CVE-2022-21547: 
MySQL vulnerability analysis and mitigation

CVE-2022-21547 is a vulnerability in the MySQL Server product of Oracle MySQL, specifically affecting the Server: Federated component. The vulnerability affects MySQL Server versions 8.0.29 and prior. This security flaw was discovered and reported to Oracle, who subsequently addressed it in their July 2022 Critical Patch Update (Oracle CPU, NetApp Advisory).

The vulnerability has been assigned a CVSS 3.1 Base Score of 4.9 (Medium severity) with the following vector: CVSS:3.1/AV:N/AC:L/PR:H/UI:N/S:U/C:N/I:N/A:H. The vulnerability requires a high-privileged attacker with network access via multiple protocols to exploit. The attack complexity is considered low, requiring no user interaction (NVD).

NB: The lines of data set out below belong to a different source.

lemma turn_angle_eq_integral_phi':
  "turn_angle \<phi> = (\<integral>\<^sup>+s. ennreal (\<phi>' s) * indicator {0<..} s \<partial>lborel)"
  unfolding turn_angle_def
proof (rule nn_integral_cong_AE)
  have "ennreal \<bar>deriv \<phi> s\<bar> * indicator {0..} s = ennreal (\<phi>' s) * indicator {0<..} s"
    if "s \<noteq> 0" for s
  proof (cases "s > 0")
    case True
    then have "deriv \<phi> s = \<phi>' s"
      using has_derivative_phi[of s] at_within_Ici_eq_at[of 0 s] by (simp add: DERIV_imp_deriv)
    with True phi'_pos[of s] show ?thesis by simp
  qed (use that in simp)
  then show "AE s in lborel. ennreal \<bar>deriv \<phi> s\<bar> * indicator {0..} s = ennreal (\<phi>' s) * indicator {0<..} s"
    using AE_lborel_singleton[of 0] by (auto elim: AE_mp)
qed

lemma turn_angle_infinite_if_m_bounded:
  assumes bounded: "\<And>r. r \<ge> 0 \<Longrightarrow> m r \<le> M"
  shows "turn_angle \<phi> = \<infinity>"
proof -
  define c where "c = m r0 / M\<^sup>2"
  have "M > 0" using bounded[of r0] m_pos[OF r0_pos] r0_pos by simp
  then have "c > 0" using m_pos[OF r0_pos] by (simp add: c_def)
  have lower_bound: "ennreal c * indicator {0<..} s \<le> ennreal (\<phi>' s) * indicator {0<..} s"
    for s :: real
  proof (cases "s > 0")
    case True
    then have "m (\<rho> s) ^ 2 \<le> M\<^sup>2"
      using bounded[of "\<rho> s"] m_rho_pos[of s] rho_pos[of s] by (intro power_mono) auto
    then have "c \<le> \<phi>' s"
      using True phi'_eq[of s] m_pos[OF r0_pos] m_rho_pos[of s] \<open>M > 0\<close>
      by (auto simp: c_def intro!: divide_left_mono)
    then show ?thesis using True by (simp add: ennreal_leI)
  qed simp
  have "(\<integral>\<^sup>+s. ennreal c * indicator {0::real<..} s \<partial>lborel) \<le> turn_angle \<phi>"
    unfolding turn_angle_eq_integral_phi' by (intro nn_integral_mono lower_bound)
  then show ?thesis
    using \<open>c > 0\<close> by (simp add: nn_integral_cmult_indicator emeasure_lborel_Ioi ennreal_mult_top top_unique)
qed

end

locale unbounded_nonneg_curvature = nonneg_curvature +
  assumes unbounded: "\<And>M. \<exists>r\<ge>0. M < m r"
begin

lemma deriv_m_pos: assumes "r \<ge> 0" shows "deriv m r > 0"
proof (rule ccontr)
  assume "\<not> ?thesis"
  then have "deriv m r = 0" using deriv_m_nonneg[OF assms] by simp
  then have "deriv m x = 0" if "x \<ge> r" for x
    using deriv_m_antimono[OF assms that] deriv_m_nonneg[of x] that assms by simp
  then have flat: "(m has_real_derivative 0) (at x)" if "x \<ge> r" for x
    using has_real_derivative_m[of x] that by simp
  have "m y \<le> m r" if "y \<ge> 0" for y
  proof (cases "y \<le> r")
    case False
    then show ?thesis
      by (intro DERIV_nonpos_imp_decreasing_open[of r y] continuous_on_m) (auto intro!: exI[of _ 0] flat)
  qed (use m_mono that in simp)
  then show False using unbounded[of "m r"] by force
qed

lemma m_strict_mono: assumes "0 \<le> x" "x < y" shows "m x < m y"
  using assms by (intro DERIV_pos_imp_increasing[OF \<open>x < y\<close>])
    (auto intro!: exI[of _ "deriv m _"] has_real_derivative_m deriv_m_pos)

lemma m_surj_on: assumes "y \<ge> 0" shows "\<exists>r\<ge>0. m r = y"
proof -
  obtain R where "R \<ge> 0" "y < m R" using unbounded by blast
  then have "\<exists>r. 0 \<le> r \<and> r \<le> R \<and> m r = y"
    using assms m_0 by (intro IVT' continuous_on_m) auto
  then show ?thesis by auto
qed

text \<open>Negative arguments are mapped to themselves only to make \<open>m_inv\<close> monotone, hence Borel
  measurable, on the whole real line.\<close>
definition m_inv :: "real \<Rightarrow> real" where
  "m_inv y = (if y < 0 then y else (THE r. 0 \<le> r \<and> m r = y))"

lemma m_inv: assumes "y \<ge> 0" shows "m_inv y \<ge> 0" and "m (m_inv y) = y"
proof -
  have "\<exists>!r. 0 \<le> r \<and> m r = y"
  proof -
    obtain r where r: "r \<ge> 0" "m r = y" using m_surj_on[OF assms] by blast
    moreover have "r' = r" if "0 \<le> r'" "m r' = y" for r'
      using m_strict_mono[of r r'] m_strict_mono[of r' r] that r by (cases r r' rule: linorder_cases) auto
    ultimately show ?thesis by blast
  qed
  then have "0 \<le> (THE r. 0 \<le> r \<and> m r = y) \<and> m (THE r. 0 \<le> r \<and> m r = y) = y"
    by (rule theI')
  then show "m_inv y \<ge> 0" "m (m_inv y) = y" using assms by (auto simp: m_inv_def)
qed

lemma m_inv_m: assumes "r \<ge> 0" shows "m_inv (m r) = r"
  using m_inv[OF m_nonneg[OF assms]] m_strict_mono[of r "m_inv (m r)"] m_strict_mono[of "m_inv (m r)" r] assms
  by (cases "r < m_inv (m r)"; cases "m_inv (m r) < r") auto

lemma m_inv_strict_mono: assumes "0 \<le> x" "x < y" shows "m_inv x < m_inv y"
proof (rule ccontr)
  assume "\<not> ?thesis"
  then have "m (m_inv y) \<le> m (m_inv x)" using m_inv[of y] assms by (intro m_mono) auto
  then show False using m_inv[of x] m_inv[of y] assms by simp
qed

lemma mono_m_inv: "mono m_inv"
proof
  fix x y :: real assume "x \<le> y"
  then show "m_inv x \<le> m_inv y"
    using m_inv[of y] m_inv_strict_mono[of x y] by (cases "x < 0"; cases "x = y") (auto simp: m_inv_def)
qed

lemma m_inv_ge: assumes "0 \<le> r" "m r \<le> y" shows "r \<le> m_inv y"
  using monoD[OF mono_m_inv assms(2)] m_inv_m[OF assms(1)] by simp

text \<open>With the Clairaut constant \<open>c = m r0\<close>, the substitution \<open>w = m(\<rho>) / c\<close> turns
  \<open>\<phi>' = c / m(\<rho>)\<^sup>2\<close> into this integrand, because \<open>\<rho>' = c sqrt(w\<^sup>2 - 1) / m(\<rho>)\<close>.\<close>
definition turn_integrand :: "real \<Rightarrow> real \<Rightarrow> real" where
  "turn_integrand c w = 1 / (w * sqrt (w\<^sup>2 - 1) * deriv m (m_inv (c * w)))"

definition turn_integral :: "real \<Rightarrow> ennreal" where
  "turn_integral c = (\<integral>\<^sup>+w. ennreal (turn_integrand c w) * indicator {1<..} w \<partial>lborel)"

lemma borel_measurable_turn_integrand [measurable]: "turn_integrand c \<in> borel_measurable borel"
proof -
  have [measurable]: "m_inv \<in> borel_measurable borel" "deriv m \<in> borel_measurable borel"
    by (simp_all add: borel_measurable_mono[OF mono_m_inv] borel_measurable_continuous_onI[OF continuous_on_deriv_m])
  show ?thesis unfolding turn_integrand_def[abs_def] by measurable
qed

lemma turn_integrand_compare:
  assumes "0 < c1" "0 < c2" "1 < w"
  shows "turn_integrand c1 w \<le> turn_integrand c2 w \<longleftrightarrow> deriv m (m_inv (c2 * w)) \<le> deriv m (m_inv (c1 * w))"
    and "turn_integrand c1 w < turn_integrand c2 w \<longleftrightarrow> deriv m (m_inv (c2 * w)) < deriv m (m_inv (c1 * w))"
    and "turn_integrand c1 w > 0"
proof -
  define K where "K = w * sqrt (w\<^sup>2 - 1)"
  have K: "K > 0" using assms by (simp add: K_def power_strict_mono[of 1 w 2, simplified])
  have "deriv m (m_inv (c1 * w)) > 0" "deriv m (m_inv (c2 * w)) > 0"
    using assms m_inv(1)[of "c1 * w"] m_inv(1)[of "c2 * w"] by (auto intro!: deriv_m_pos)
  with K show "turn_integrand c1 w \<le> turn_integrand c2 w \<longleftrightarrow> deriv m (m_inv (c2 * w)) \<le> deriv m (m_inv (c1 * w))"
    and "turn_integrand c1 w < turn_integrand c2 w \<longleftrightarrow> deriv m (m_inv (c2 * w)) < deriv m (m_inv (c1 * w))"
    and "turn_integrand c1 w > 0"
    unfolding turn_integrand_def K_def[symmetric]
    by (simp_all add: divide_simps mult_le_cancel_left_pos mult_less_cancel_left_pos)
qed

lemma turn_integrand_mono:
  assumes "0 < c1" "c1 \<le> c2" "1 < w"
  shows "turn_integrand c1 w \<le> turn_integrand c2 w"
proof -
  have "m_inv (c1 * w) \<le> m_inv (c2 * w)" using assms by (intro monoD[OF mono_m_inv]) simp
  then have "deriv m (m_inv (c2 * w)) \<le> deriv m (m_inv (c1 * w))"
    using m_inv(1)[of "c1 * w"] assms by (intro deriv_m_antimono) auto
  then show ?thesis using turn_integrand_compare(1)[of c1 c2 w] assms by simp
qed

lemma turn_integral_mono: assumes "0 < c1" "c1 \<le> c2" shows "turn_integral c1 \<le> turn_integral c2"
  unfolding turn_integral_def
  by (intro nn_integral_mono) (auto simp: indicator_def intro: ennreal_leI turn_integrand_mono assms)

lemma turn_integral_eq_if_flat:
  assumes "0 < r1" "r1 \<le> r2" and flat: "\<forall>r\<ge>r1. Gm m r = 0"
  shows "turn_integral (m r1) = turn_integral (m r2)"
proof -
  have flat_integrand: "deriv m (m_inv (c * w)) = deriv m r1" if "m r1 \<le> c" "1 < w" for c w
  proof -
    have "0 < c" using that m_pos[OF \<open>0 < r1\<close>] by simp
    then have "c \<le> c * w" using \<open>1 < w\<close> by simp
    then have "r1 \<le> m_inv (c * w)" using \<open>0 < r1\<close> that(1) by (intro m_inv_ge) auto
    then show ?thesis using deriv_m_eq_if_flat[OF \<open>0 < r1\<close> flat] by blast
  qed
  have "turn_integrand (m r1) w = turn_integrand (m r2) w" if "1 < w" for w
    using flat_integrand[OF order_refl that] flat_integrand[OF m_mono[of r1 r2] that] assms
    by (simp add: turn_integrand_def)
  then show ?thesis unfolding turn_integral_def by (intro nn_integral_cong) (simp add: indicator_def)
qed

lemma turn_integral_less_if_curved:
  assumes "0 < r1" "r1 < r2" and finite: "turn_integral (m r1) \<noteq> \<infinity>"
    and "r1 \<le> r" and curved: "Gm m r \<noteq> 0"
  shows "turn_integral (m r1) < turn_integral (m r2)"
proof -
  have "r > 0" using assms by simp
  obtain e where "e > 0" and strict: "\<And>x y. r \<le> x \<Longrightarrow> x < r + e \<Longrightarrow> x < y \<Longrightarrow> deriv m y < deriv m x"
    using deriv_m_strict_antimono_if_curved[OF \<open>r > 0\<close> curved] by blast
  define c1 c2 where "c1 = m r1" and "c2 = m r2"
  have "0 < c1" "c1 < c2" using m_pos m_strict_mono assms by (auto simp: c1_def c2_def)
  have "c1 \<le> m r" using m_mono assms by (simp add: c1_def)
  have "ennreal (turn_integrand c1 w) * indicator {1<..} w < ennreal (turn_integrand c2 w) * indicator {1<..} w"
    if w: "m r / c1 < w" "w < m (r + e) / c1" for w
  proof -
    have c1w: "m r < c1 * w" "c1 * w < m (r + e)" using w \<open>0 < c1\<close> by (simp_all add: field_simps)
    have "c1 * 1 < c1 * w" using c1w(1) \<open>c1 \<le> m r\<close> by simp
    then have "1 < w" using \<open>0 < c1\<close> by (simp only: mult_less_cancel_left_pos)
    have "r < m_inv (c1 * w)" "m_inv (c1 * w) < r + e"
      using m_inv_strict_mono[OF _ c1w(1)] m_inv_strict_mono[OF _ c1w(2)] m_inv_m[of r] m_inv_m[of "r + e"]
        m_nonneg[of r] \<open>r > 0\<close> \<open>e > 0\<close> \<open>0 < c1\<close> \<open>1 < w\<close> by auto
    moreover have "m_inv (c1 * w) < m_inv (c2 * w)"
      using \<open>0 < c1\<close> \<open>c1 < c2\<close> \<open>1 < w\<close> by (intro m_inv_strict_mono) auto
    ultimately have "turn_integrand c1 w < turn_integrand c2 w"
      using strict turn_integrand_compare(2)[of c1 c2 w] \<open>0 < c1\<close> \<open>c1 < c2\<close> \<open>1 < w\<close> by simp
    then show ?thesis
      using turn_integrand_compare(3)[of c1 c2 w] \<open>0 < c1\<close> \<open>c1 < c2\<close> \<open>1 < w\<close>
      by (simp add: ennreal_less_iff)
  qed
  moreover have "m r / c1 < m (r + e) / c1"
    using m_strict_mono[of r "r + e"] \<open>r > 0\<close> \<open>e > 0\<close> \<open>0 < c1\<close> by (simp add: divide_strict_right_mono)
  moreover have "ennreal (turn_integrand c1 w) * indicator {1<..} w
      \<le> ennreal (turn_integrand c2 w) * indicator {1<..} w" for w
    using turn_integrand_mono[of c1 c2 w] \<open>0 < c1\<close> \<open>c1 < c2\<close> by (simp add: indicator_def ennreal_leI)
  ultimately show ?thesis
    using finite unfolding turn_integral_def c1_def[symmetric] c2_def[symmetric]
    by (intro nn_integral_less_if_less_on_interval[of _ _ "m r / c1" "m (r + e) / c1"]) auto
qed

end

locale unbounded_geodesic = geodesic + unbounded_nonneg_curvature
begin

lemma rho'_pos: assumes "s > 0" shows "\<rho>' s > 0"
proof -
  have "\<rho>' 0 < \<rho>' s"
  proof (rule DERIV_pos_imp_increasing_open[OF assms])
    fix x assume x: "0 < x" "x < s"
    have "m (\<rho> x) * deriv m (\<rho> x) * (\<phi>' x)\<^sup>2 > 0"
      using m_rho_pos[of x] deriv_m_pos[of "\<rho> x"] rho_pos[of x] phi'_pos[of x] x by simp
    then show "\<exists>y. (\<rho>' has_real_derivative y) (at x) \<and> y > 0"
      using has_derivative_rho'[of x] at_within_Ici_eq_at[of 0 x] x by auto
  next
    show "continuous_on {0..s} \<rho>'"
      using continuous_on_Ici_if_derivative[OF has_derivative_rho'] by (rule continuous_on_subset) auto
  qed
  then show ?thesis using rho'_0 by simp
qed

Successful exploitation of this vulnerability can result in unauthorized ability to cause a hang or frequently repeatable crash, leading to a complete Denial of Service (DoS) of MySQL Server. The vulnerability impacts only the availability of the system, with no direct impact on confidentiality or integrity (Oracle CPU).

Oracle has addressed this vulnerability in their July 2022 Critical Patch Update. Users are strongly advised to update to patched versions of MySQL Server. For affected NetApp products, specific patches have been released, including updates for Active IQ Unified Manager, OnCommand Insight, OnCommand Workflow Automation, and SnapCenter (NetApp Advisory).